Aussie startup develops sustainable land based aquaculture

Aussie startup develops sustainable land based aquaculture

A few years ago, Mat Goddard began to realise what he believes is the “root cause” of the many challenges in the contemporary food industry.  

“We’re completely disconnected from our food and how it’s produced,” he says. “And that’s especially true for seafood. We still harvest so much fish from the wild at an industrial scale, using huge trawlers with nets hundreds of metres long that catch everything.
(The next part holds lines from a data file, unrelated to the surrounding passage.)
lemma pullback_orbit_tendsto:
  assumes regular: "regular \<omega>"
    and diameter: "(\<lambda>n. column_diameter (pullback_matrix n \<omega>)) \<longlonglongrightarrow> 0"
  shows "(\<lambda>n. pullback_orbit n \<omega>) \<longlonglongrightarrow> pullback_limit \<omega>"
proof -
  have "Cauchy (\<lambda>n. pullback_orbit n \<omega>)"
  proof (rule CauchyI)
    fix r :: real
    assume "0 < r"
    then obtain N where N: "column_diameter (pullback_matrix N \<omega>) < r / 2"
      using order_tendstoD(2)[OF diameter, of "r / 2"] by (auto simp: eventually_sequentially)
    have "norm (pullback_orbit m \<omega> - pullback_orbit n \<omega>) < r" if "N \<le> m" "N \<le> n" for m n
    proof -
      have "norm (pullback_orbit m \<omega> - pullback_orbit n \<omega>)
          \<le> l1norm (pullback_orbit m \<omega> - pullback_orbit N \<omega>) + l1norm (pullback_orbit N \<omega> - pullback_orbit n \<omega>)"
        using norm_le_l1norm l1norm_triangle_diff order_trans by blast
      also have "\<dots> \<le> 2 * column_diameter (pullback_matrix N \<omega>)"
        using l1norm_pullback_orbit_diff_le[OF regular that(1)] l1norm_pullback_orbit_diff_le[OF regular that(2)]
          l1norm_minus_commute[of "pullback_orbit N \<omega>" "pullback_orbit n \<omega>"] by linarith
      finally show ?thesis using N by simp
    qed
    then show "\<exists>M. \<forall>m\<ge>M. \<forall>n\<ge>M. norm (pullback_orbit m \<omega> - pullback_orbit n \<omega>) < r" by blast
  qed
  then have limit: "(\<lambda>n. pullback_orbit n \<omega>) \<longlonglongrightarrow> lim (\<lambda>n. pullback_orbit n \<omega>)"
    by (simp add: Cauchy_convergent_iff convergent_LIMSEQ_iff)
  moreover have "lim (\<lambda>n. pullback_orbit n \<omega>) \<in> simplex1"
    by (rule closed_sequentially[OF closed_simplex1 _ limit]) (simp add: pullback_orbit_in_simplex1[OF regular])
  ultimately show ?thesis by (simp add: pullback_limit_def)
qed

lemma borel_measurable_pullback_limit: "pullback_limit \<in> borel_measurable M"
proof -
  have orbit: "(\<lambda>\<omega>. pullback_orbit n \<omega>) \<in> borel_measurable M" for n
    unfolding pullback_orbit_def matrix_vector_mult_def
    by (intro borel_measurable_vec_componentwise)
      (simp add: borel_measurable_sum borel_measurable_times borel_measurable_pullback_matrix)
  have lim: "(\<lambda>\<omega>. lim (\<lambda>n. pullback_orbit n \<omega>)) \<in> borel_measurable M"
    by (rule borel_measurable_lim_metric[OF orbit])
  have limit_in_simplex1: "{\<omega> \<in> space M. lim (\<lambda>n. pullback_orbit n \<omega>) \<in> simplex1} \<in> sets M"
    using measurable_sets[OF lim borel_closed[OF closed_simplex1]] by (simp add: vimage_def Int_def conj_commute)
  show ?thesis
    unfolding pullback_limit_def by (rule measurable_If[OF lim _ limit_in_simplex1]) simp
qed

lemma invariant_distribution_pullback_limit:
  assumes "AE \<omega> in M. (\<lambda>n. column_diameter (pullback_matrix n \<omega>)) \<longlonglongrightarrow> 0"
  shows "invariant_distribution M \<theta> P pullback_limit"
  unfolding invariant_distribution_def
proof (intro conjI allI ballI borel_measurable_pullback_limit pullback_limit_in_simplex1)
  fix n
  show "AE \<omega> in M. P n \<omega> *v pullback_limit \<omega> = pullback_limit ((\<theta> ^^ n) \<omega>)"
    using AE_regular assms
  proof eventually_elim
    case (elim \<omega>)
    have "(\<lambda>j. P n \<omega> *v pullback_orbit j \<omega>) \<longlonglongrightarrow> P n \<omega> *v pullback_limit \<omega>"
      by (intro bounded_linear.tendsto[OF matrix_vector_mul_bounded_linear] pullback_orbit_tendsto elim)
    moreover have "P n \<omega> *v pullback_orbit j \<omega> = pullback_orbit (j + n) ((\<theta> ^^ n) \<omega>)" for j
      by (simp add: pullback_orbit_def pullback_matrix_shift[OF elim(1)] matrix_vector_mul_assoc)
    ultimately have "(\<lambda>j. pullback_orbit j ((\<theta> ^^ n) \<omega>)) \<longlonglongrightarrow> P n \<omega> *v pullback_limit \<omega>"
      using LIMSEQ_offset by fastforce
    moreover have "P n \<omega> *v pullback_limit \<omega> \<in> simplex1"
      using column_stochastic_forward[OF elim(1), of n 0]
      by (simp add: column_stochastic_mult_simplex1 pullback_limit_in_simplex1)
    ultimately show ?case by (simp add: pullback_limit_def limI)
  qed
qed

lemma pullback_attracting_column_diameter:
  assumes "pullback_attracting M \<theta> P p"
  shows "AE \<omega> in M. (\<lambda>n. column_diameter (pullback_matrix n \<omega>)) \<longlonglongrightarrow> 0"
proof -
  have "AE \<omega> in M. \<forall>i. (\<lambda>n. l1norm (pullback_matrix n \<omega> *v axis i 1 - p \<omega>)) \<longlonglongrightarrow> 0"
    using assms axis_in_simplex1
    unfolding AE_all_countable pullback_attracting_def pullback_matrix_def by blast
  then show ?thesis
  proof eventually_elim
    case (elim \<omega>)
    then show ?case by (intro column_diameter_tendsto_zeroI[where c="\<lambda>n. p \<omega>"]) blast
  qed
qed

lemma forward_attracting_column_diameter:
  assumes "forward_attracting M \<theta> P p"
  shows "AE \<omega> in M. (\<lambda>n. column_diameter (P n \<omega>)) \<longlonglongrightarrow> 0"
proof -
  have "AE \<omega> in M. \<forall>i. (\<lambda>n. l1norm (P n \<omega> *v axis i 1 - p ((\<theta> ^^ n) \<omega>))) \<longlonglongrightarrow> 0"
    using assms axis_in_simplex1 unfolding AE_all_countable forward_attracting_def by blast
  then show ?thesis
  proof eventually_elim
    case (elim \<omega>)
    then show ?case by (intro column_diameter_tendsto_zeroI[where c="\<lambda>n. p ((\<theta> ^^ n) \<omega>)"]) blast
  qed
qed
“Would we do this to birds? Would we set up huge nets behind jumbo jets and collect whole flocks to eat? No, but that essentially happens every day in the oceans and because it’s out of sight and out of mind, we turn a blind eye to it.”

Reconnecting people not just with the food they eat but also the mode of its production was the “philosophical inspiration” behind Goddard founding Aquacultr Group in November 2022. Based in Port Stephens, in New South Wales, the start-up company is forging what it says is a “new type of aquaculture” – one that Goddard says is “accessible, sustainable, land-based” and “can be close to markets and have a real presence and connection to people.”

Matgoddard aquacultr
Mat Goddard (Supplied)

Over the past few decades, aquaculture has rapidly expanded to provide more than half of the seafood consumed around the world. This trend, which is projected to continue, is a product of the surging global demand for seafood and the growing concern about the environmental impact of some trawling practices in the open ocean and the unsustainable amount of seafood that is being wild-caught.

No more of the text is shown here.